While in most media circles, the larger global economic meltdown consumes the lion’s share of attention, the wine world is experiencing its own nasty correction. Many top wineries, especially those with bottle prices over $80 find themselves struggling to sell their wines as the usual outlets are simply refusing purchases that they used to beg for.
Vegas restaurants, long-standing bastions of “I don’t care what it costs as long as it sounds expensive” buying habits, are dumping their allocations of high-end wines like ballast water from an unstable ship. Cult wineries with mailing lists that had waiting lists thousands of members long are now struggling to find people to buy their wines, especially if they make more than a few thousand cases.
But more than anything else, the largest bellwether of a true collapse in the fine wine market are the high end Bordeaux wines, and the companies that have pimped them along a skyrocketing trajectory of pricing whose incline was no less irresponsible and unsustainable as any of the credit-default-swaps that brought down the global economy.
My fellow blogger Keith Levenberg wrote a lovely piece about this phenomenon that I highly recommend reading.

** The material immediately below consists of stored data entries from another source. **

(* Let $X$ be a complete metric space, $\mathcal Z_{\mathcal S}=(X,(\phi_j)_{j=0}^{n-1},(\rho_j)_{j=0}^{n-1})$ a Matkowski contractive GIFZS of degree $m$ with fuzzy attractor $u_{\mathcal Z}$, $\mathcal S=(X,(\phi_j)_{j=0}^{n-1})$ with attractor $A_{\mathcal S}$, $I=\{j:\rho_j(1)=1\}$, and $\mathcal S'=(X,(\phi_j)_{j\in I})$ with attractor $A_{\mathcal S'}$. Then: (1) $[u_{\mathcal Z}]^0\subseteq A_{\mathcal S}$, and if $r_+^j=0$ for all $j$, then $[u_{\mathcal Z}]^0=A_{\mathcal S}$; (2) $A_{\mathcal S'}\subseteq[u_{\mathcal Z}]^1$, and if $\beta_j(1)=1$ for all $j\in I$, then $A_{\mathcal S'}=[u_{\mathcal Z}]^1$; (3) if $I=\{0,\dots,n-1\}$, then $u_{\mathcal Z}=\chi_{A_{\mathcal S}}$.
   Context: A fuzzy subset of $X$ is $u:X\to[0,1]$. For $\alpha\in(0,1]$, $[u]^\alpha=\{x:u(x)\ge\alpha\}$, $[u]^0=\overline{\{x:u(x)>0\}}$. $\mathcal F_X^*$: fuzzy subsets that are normal, usc and compactly supported. $\chi_A$ is the indicator function of $A$. $X^m$ has the maximum metric $d^m$. For $T:Z\to Y$, $T(u)(y)=\sup\{u(z):T(z)=y\}$ if $y\in T(Z)$, else $0$; $\rho(u)=\rho\circ u$; $(u_0\times\cdots\times u_{m-1})(x_0,\dots,x_{m-1})=\min_iu_i(x_i)$; $\vee$ is pointwise max. A family $(\rho_j)$ of maps $[0,1]\to[0,1]$ is admissible if each is nondecreasing, right continuous, $\rho_j(0)=0$, and $\rho_j(1)=1$ for some $j$. For each $j$: $r_+^j=\inf\{t:\rho_j(t)>0\}$ and $\beta_j(\alpha)=\inf\{t\in[0,1]:\rho_j(t)\ge\alpha\}$ for $\alpha\in[0,\rho_j(1)]$. A GIFS of degree $m$ is $(X,(\phi_j))$ with continuous $\phi_j:X^m\to X$; it is Matkowski contractive if each $\phi_j$ satisfies $d(\phi_j(x),\phi_j(y))\le\varphi_j(d^m(x,y))$ for some nondecreasing $\varphi_j$ with $\varphi_j^{(k)}(t)\to0$ for all $t>0$; on complete $X$ its attractor is the unique nonempty compact $A$ with $A=\bigcup_j\phi_j(A\times\cdots\times A)$. A GIFZS $(X,(\phi_j),(\rho_j))$ consists of such a GIFS and an admissible $(\rho_j)$; its operator is $\mathcal Z_{\mathcal S}(u_0,\dots,u_{m-1})=\bigvee_j\rho_j(\phi_j(u_0\times\cdots\times u_{m-1}))$, and its fuzzy attractor is the unique $u_{\mathcal Z}\in\mathcal F_X^*$ with $\mathcal Z_{\mathcal S}(u_{\mathcal Z},\dots,u_{\mathcal Z})=u_{\mathcal Z}$. *)

theory Defs
  imports "HOL-Analysis.Analysis"
begin

text \<open>Points of X^m are lists of length m; fuzzy subsets are real-valued maps with values in [0,1].\<close>

definition tuples :: "nat \<Rightarrow> 'a set \<Rightarrow> 'a list set" where
  "tuples m A = {xs. length xs = m \<and> set xs \<subseteq> A}"

definition dmax :: "'a::metric_space list \<Rightarrow> 'a list \<Rightarrow> real" where
  "dmax xs ys = Max (insert 0 {dist (xs ! i) (ys ! i) | i. i < length xs})"

definition fuzzy :: "('a \<Rightarrow> real) \<Rightarrow> bool" where
  "fuzzy u \<longleftrightarrow> (\<forall>x. 0 \<le> u x \<and> u x \<le> 1)"

definition cut :: "('a::topological_space \<Rightarrow> real) \<Rightarrow> real \<Rightarrow> 'a set" where
  "cut u \<alpha> = (if \<alpha> = 0 then closure {x. u x > 0} else {x. \<alpha> \<le> u x})"

definition usc :: "('a::metric_space \<Rightarrow> real) \<Rightarrow> bool" where
  "usc u \<longleftrightarrow> (\<forall>x. \<forall>e>0. \<exists>d>0. \<forall>y. dist y x < d \<longrightarrow> u y < u x + e)"

definition FX :: "('a::metric_space \<Rightarrow> real) set" where
  "FX = {u. fuzzy u \<and> (\<exists>x. u x = 1) \<and> usc u \<and> compact (cut u 0)}"

definition fimg :: "('z \<Rightarrow> 'y) \<Rightarrow> 'z set \<Rightarrow> ('z \<Rightarrow> real) \<Rightarrow> 'y \<Rightarrow> real" where
  "fimg T Z u y = (if y \<in> T ` Z then Sup {u z | z. z \<in> Z \<and> T z = y} else 0)"

definition fprod :: "('a \<Rightarrow> real) list \<Rightarrow> 'a list \<Rightarrow> real" where
  "fprod us xs = Min {(us ! i) (xs ! i) | i. i < length us}"

definition admissible :: "nat \<Rightarrow> (nat \<Rightarrow> real \<Rightarrow> real) \<Rightarrow> bool" where
  "admissible n \<rho> \<longleftrightarrow>
     (\<forall>j<n. (\<forall>t\<in>{0..1}. \<rho> j t \<in> {0..1})
        \<and> mono_on {0..1} (\<rho> j)
        \<and> (\<forall>t\<in>{0..<1}. continuous (at t within {t..1}) (\<rho> j))
        \<and> \<rho> j 0 = 0)
     \<and> (\<exists>j<n. \<rho> j 1 = 1)"

definition r_plus :: "(real \<Rightarrow> real) \<Rightarrow> real" where
  "r_plus r = (if {t\<in>{0..1}. r t > 0} = {} then 1 else Inf {t\<in>{0..1}. r t > 0})"

definition beta :: "(real \<Rightarrow> real) \<Rightarrow> real \<Rightarrow> real" where
  "beta r \<alpha> = Inf {t\<in>{0..1}. r t \<ge> \<alpha>}"

definition continuous_m :: "nat \<Rightarrow> ('a::metric_space list \<Rightarrow> 'b::metric_space) \<Rightarrow> bool" where
  "continuous_m m f \<longleftrightarrow> (\<forall>xs\<in>tuples m UNIV. \<forall>e>0. \<exists>d>0. \<forall>ys\<in>tuples m UNIV.
       dmax xs ys < d \<longrightarrow> dist (f xs) (f ys) < e)"

definition matkowski :: "nat \<Rightarrow> ('a::metric_space list \<Rightarrow> 'a) \<Rightarrow> bool" where
  "matkowski m f \<longleftrightarrow> (\<exists>\<psi>::real \<Rightarrow> real. mono_on {0..} \<psi> \<and> \<psi> ` {0..} \<subseteq> {0..}
       \<and> (\<forall>t>0. (\<lambda>k. (\<psi> ^^ k) t) \<longlonglongrightarrow> 0)
       \<and> (\<forall>xs\<in>tuples m UNIV. \<forall>ys\<in>tuples m UNIV. dist (f xs) (f ys) \<le> \<psi> (dmax xs ys)))"

definition mgifs :: "nat \<Rightarrow> nat set \<Rightarrow> (nat \<Rightarrow> 'a::metric_space list \<Rightarrow> 'a) \<Rightarrow> bool" where
  "mgifs m J \<phi> \<longleftrightarrow> (\<forall>j\<in>J. continuous_m m (\<phi> j) \<and> matkowski m (\<phi> j))"

definition gifs_attractor :: "nat \<Rightarrow> nat set \<Rightarrow> (nat \<Rightarrow> 'a::metric_space list \<Rightarrow> 'a) \<Rightarrow> 'a set \<Rightarrow> bool" where
  "gifs_attractor m J \<phi> A \<longleftrightarrow> A \<noteq> {} \<and> compact A \<and> A = (\<Union>j\<in>J. \<phi> j ` tuples m A)"

definition gifzs_op :: "nat \<Rightarrow> nat \<Rightarrow> (nat \<Rightarrow> 'a list \<Rightarrow> 'a) \<Rightarrow> (nat \<Rightarrow> real \<Rightarrow> real)
    \<Rightarrow> ('a \<Rightarrow> real) list \<Rightarrow> 'a \<Rightarrow> real" where
  "gifzs_op m n \<phi> \<rho> us x = Max {\<rho> j (fimg (\<phi> j) (tuples m UNIV) (fprod us) x) | j. j < n}"

definition fuzzy_attractor :: "nat \<Rightarrow> nat \<Rightarrow> (nat \<Rightarrow> 'a::metric_space list \<Rightarrow> 'a) \<Rightarrow> (nat \<Rightarrow> real \<Rightarrow> real)
    \<Rightarrow> ('a \<Rightarrow> real) \<Rightarrow> bool" where
  "fuzzy_attractor m n \<phi> \<rho> u \<longleftrightarrow> u \<in> FX \<and> gifzs_op m n \<phi> \<rho> (replicate m u) = u"

end

theory Submission
  imports Defs
begin

text \<open>Each cut of the fuzzy attractor is compared with a crisp attractor through a single
  principle: for a Matkowski contractive system, a compact set covered by its Hutchinson image
  lies inside every nonempty compact set mapped into itself (consider the point farthest from
  the second set). The fixed point equation \<open>u = max\<^sub>j \<rho>\<^sub>j(\<phi>\<^sub>j(u \<times> \<dots> \<times> u))\<close> shows that the
  support of \<open>u\<close> is covered by its image, and that the 1-cut is mapped into itself by the
  subsystem of maps with \<open>\<rho>\<^sub>j(1) = 1\<close>. The extra hypotheses give the reverse relations:
  \<open>r\<^sub>+ = 0\<close> makes the support invariant, and \<open>\<beta>\<^sub>j(1) = 1\<close> forces a point of the 1-cut to have
  full membership in some \<open>\<phi>\<^sub>j(u \<times> \<dots> \<times> u)\<close>, whose supremum is attained on the 1-cut by
  compactness and upper semicontinuity.\<close>

definition hutchinson :: "nat \<Rightarrow> nat set \<Rightarrow> (nat \<Rightarrow> 'a list \<Rightarrow> 'a) \<Rightarrow> 'a set \<Rightarrow> 'a set" where
  "hutchinson m J \<phi> X = (\<Union>j\<in>J. \<phi> j ` tuples m X)"

lemma gifs_attractor_iff:
  "gifs_attractor m J \<phi> A \<longleftrightarrow> A \<noteq> {} \<and> compact A \<and> A = hutchinson m J \<phi> A"
  by (simp add: gifs_attractor_def hutchinson_def)

lemma tuples_iff_nth: "z \<in> tuples m X \<longleftrightarrow> length z = m \<and> (\<forall>i<m. z ! i \<in> X)"
  unfolding tuples_def by (auto simp: set_conv_nth)

lemma tuples_UNIV [simp]: "z \<in> tuples m UNIV \<longleftrightarrow> length z = m"
  by (simp add: tuples_iff_nth)

lemma tuples_mono: "X \<subseteq> Y \<Longrightarrow> tuples m X \<subseteq> tuples m Y"
  unfolding tuples_def by auto

lemma hutchinson_mono: "X \<subseteq> Y \<Longrightarrow> hutchinson m J \<phi> X \<subseteq> hutchinson m J \<phi> Y"
  unfolding hutchinson_def by (intro UN_mono image_mono tuples_mono) auto

lemma dmax_nonneg: "0 \<le> dmax xs ys"
  unfolding dmax_def by (rule Max_ge) auto

lemma dmax_le_iff: "0 \<le> d \<Longrightarrow> dmax xs ys \<le> d \<longleftrightarrow> (\<forall>i<length xs. dist (xs ! i) (ys ! i) \<le> d)"
  unfolding dmax_def by (subst Max_le_iff) auto

lemma dmax_less_iff: "0 < d \<Longrightarrow> dmax xs ys < d \<longleftrightarrow> (\<forall>i<length xs. dist (xs ! i) (ys ! i) < d)"
  unfolding dmax_def by (subst Max_less_iff) auto

subsection \<open>Matkowski contractions\<close>

lemma matkowski_gauge_less:
  fixes \<psi> :: "real \<Rightarrow> real"
  assumes mono: "mono_on {0..} \<psi>" and lim: "(\<lambda>k. (\<psi> ^^ k) t) \<longlonglongrightarrow> 0" and t: "t > 0"
  shows "\<psi> t < t"
proof (rule ccontr)
  assume "\<not> \<psi> t < t"
  then have "t \<le> (\<psi> ^^ k) t" for k
  proof (induction k)
    case (Suc k)
    then have "\<psi> t \<le> \<psi> ((\<psi> ^^ k) t)" using t by (intro mono_onD[OF mono]) auto
    with Suc.prems show ?case by simp
  qed simp
  then have "t \<le> 0" using LIMSEQ_le_const[OF lim] by blast
  with t show False by simp
qed

lemma matkowski_dist_less:
  assumes "matkowski m f" "length xs = m" "length ys = m" "0 < \<delta>" "dmax xs ys \<le> \<delta>"
  shows "dist (f xs) (f ys) < \<delta>"
proof -
  obtain \<psi> :: "real \<Rightarrow> real" where mono: "mono_on {0..} \<psi>"
    and lim: "\<forall>t>0. (\<lambda>k. (\<psi> ^^ k) t) \<longlonglongrightarrow> 0"
    and contr: "\<forall>xs\<in>tuples m UNIV. \<forall>ys\<in>tuples m UNIV. dist (f xs) (f ys) \<le> \<psi> (dmax xs ys)"
    using assms(1) unfolding matkowski_def by blast
  have "dist (f xs) (f ys) \<le> \<psi> (dmax xs ys)" using contr assms(2,3) by simp
  also have "\<dots> \<le> \<psi> \<delta>" using assms(4,5) dmax_nonneg by (intro mono_onD[OF mono]) auto
  also have "\<dots> < \<delta>" using matkowski_gauge_less[OF mono] lim assms(4) by blast
  finally show ?thesis .
qed

lemma compact_infdist_attained:
  assumes "compact Q" "Q \<noteq> {}"
  shows "\<exists>q\<in>Q. dist x q = infdist x Q"
proof -
  have "continuous_on Q (dist x)" by (intro continuous_intros)
  then obtain q where q: "q \<in> Q" "\<forall>y\<in>Q. dist x q \<le> dist x y"
    using continuous_attains_inf[OF assms] by blast
  have "dist x q \<le> infdist x Q"
    unfolding infdist_notempty[OF assms(2)] using q assms(2) by (intro cINF_greatest) auto
  with q infdist_le[of q Q x] show ?thesis by force
qed

lemma tuple_near_compact:
  assumes Q: "compact Q" "Q \<noteq> {}" and z: "z \<in> tuples m P"
    and \<delta>: "0 \<le> \<delta>" "\<forall>x\<in>P. infdist x Q \<le> \<delta>"
  obtains a where "a \<in> tuples m Q" "dmax z a \<le> \<delta>"
proof -
  have "\<forall>x. \<exists>q. q \<in> Q \<and> dist x q = infdist x Q"
    using compact_infdist_attained[OF Q] by blast
  then obtain g where g: "\<forall>x. g x \<in> Q \<and> dist x (g x) = infdist x Q"
    by metis
  show ?thesis
  proof
    show "map g z \<in> tuples m Q" using z g by (simp add: tuples_iff_nth)
    show "dmax z (map g z) \<le> \<delta>" using z g \<delta> by (simp add: dmax_le_iff tuples_iff_nth)
  qed
qed

text \<open>If the point of \<open>P\<close> farthest from \<open>Q\<close> had positive distance, it would be the image of a
  tuple in \<open>P\<close>; replacing that tuple by nearest points of \<open>Q\<close> gives a point of \<open>Q\<close> strictly closer.\<close>

lemma hutchinson_subset:
  assumes mat: "\<forall>j\<in>J. matkowski m (\<phi> j)"
    and P: "compact P" "P \<subseteq> hutchinson m J \<phi> P"
    and Q: "compact Q" "Q \<noteq> {}" "hutchinson m J \<phi> Q \<subseteq> Q"
  shows "P \<subseteq> Q"
proof (cases "P = {}")
  case False
  have "continuous_on P (\<lambda>x. infdist x Q)" by (intro continuous_intros)
  then obtain x0 where x0: "x0 \<in> P" and max: "\<forall>x\<in>P. infdist x Q \<le> infdist x0 Q"
    using continuous_attains_sup[OF P(1) False] by blast
  define \<delta> where "\<delta> = infdist x0 Q"
  have farthest: "\<forall>x\<in>P. infdist x Q \<le> \<delta>" using max \<delta>_def by simp
  have "\<delta> \<le> 0"
  proof (rule ccontr)
    assume "\<not> \<delta> \<le> 0"
    then have \<delta>: "0 < \<delta>" by simp
    obtain j z where j: "j \<in> J" and z: "z \<in> tuples m P" and x0z: "x0 = \<phi> j z"
      using x0 P(2) unfolding hutchinson_def by blast
    obtain a where a: "a \<in> tuples m Q" "dmax z a \<le> \<delta>"
      using tuple_near_compact[OF Q(1,2) z less_imp_le[OF \<delta>] farthest] by blast
    have "dist x0 (\<phi> j a) < \<delta>"
      using matkowski_dist_less[OF mat[rule_format, OF j] _ _ \<delta> a(2)] z a(1) x0z
      by (simp add: tuples_iff_nth)
    moreover have "\<phi> j a \<in> Q" using Q(3) j a(1) unfolding hutchinson_def by blast
    ultimately show False using infdist_le[of "\<phi> j a" Q x0] \<delta>_def by simp
  qed
  then have "infdist x Q = 0" if "x \<in> P" for x
    using farthest that infdist_nonneg[of x Q] by (meson antisym order_trans)
  then show ?thesis
    using in_closed_iff_infdist_zero[OF compact_imp_closed[OF Q(1)] Q(2)] by blast
qed simp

The phenomenon is certainly not restricted to Napa and Bordeaux, however. There are plenty of other wine regions that have massively over-invested based on the impossible hope that wine prices and demand would continue to soar at the top end of the market.
It’s sad to see the wine industry suffer at all, but it certainly wouldn’t be a bad thing to weed out a lot of chaff from the marketplace, and bring some of the outrageous prices (and pretensions) back down to earth.
Thanks to Jack at Fork & Bottle for the tip on Keith’s post.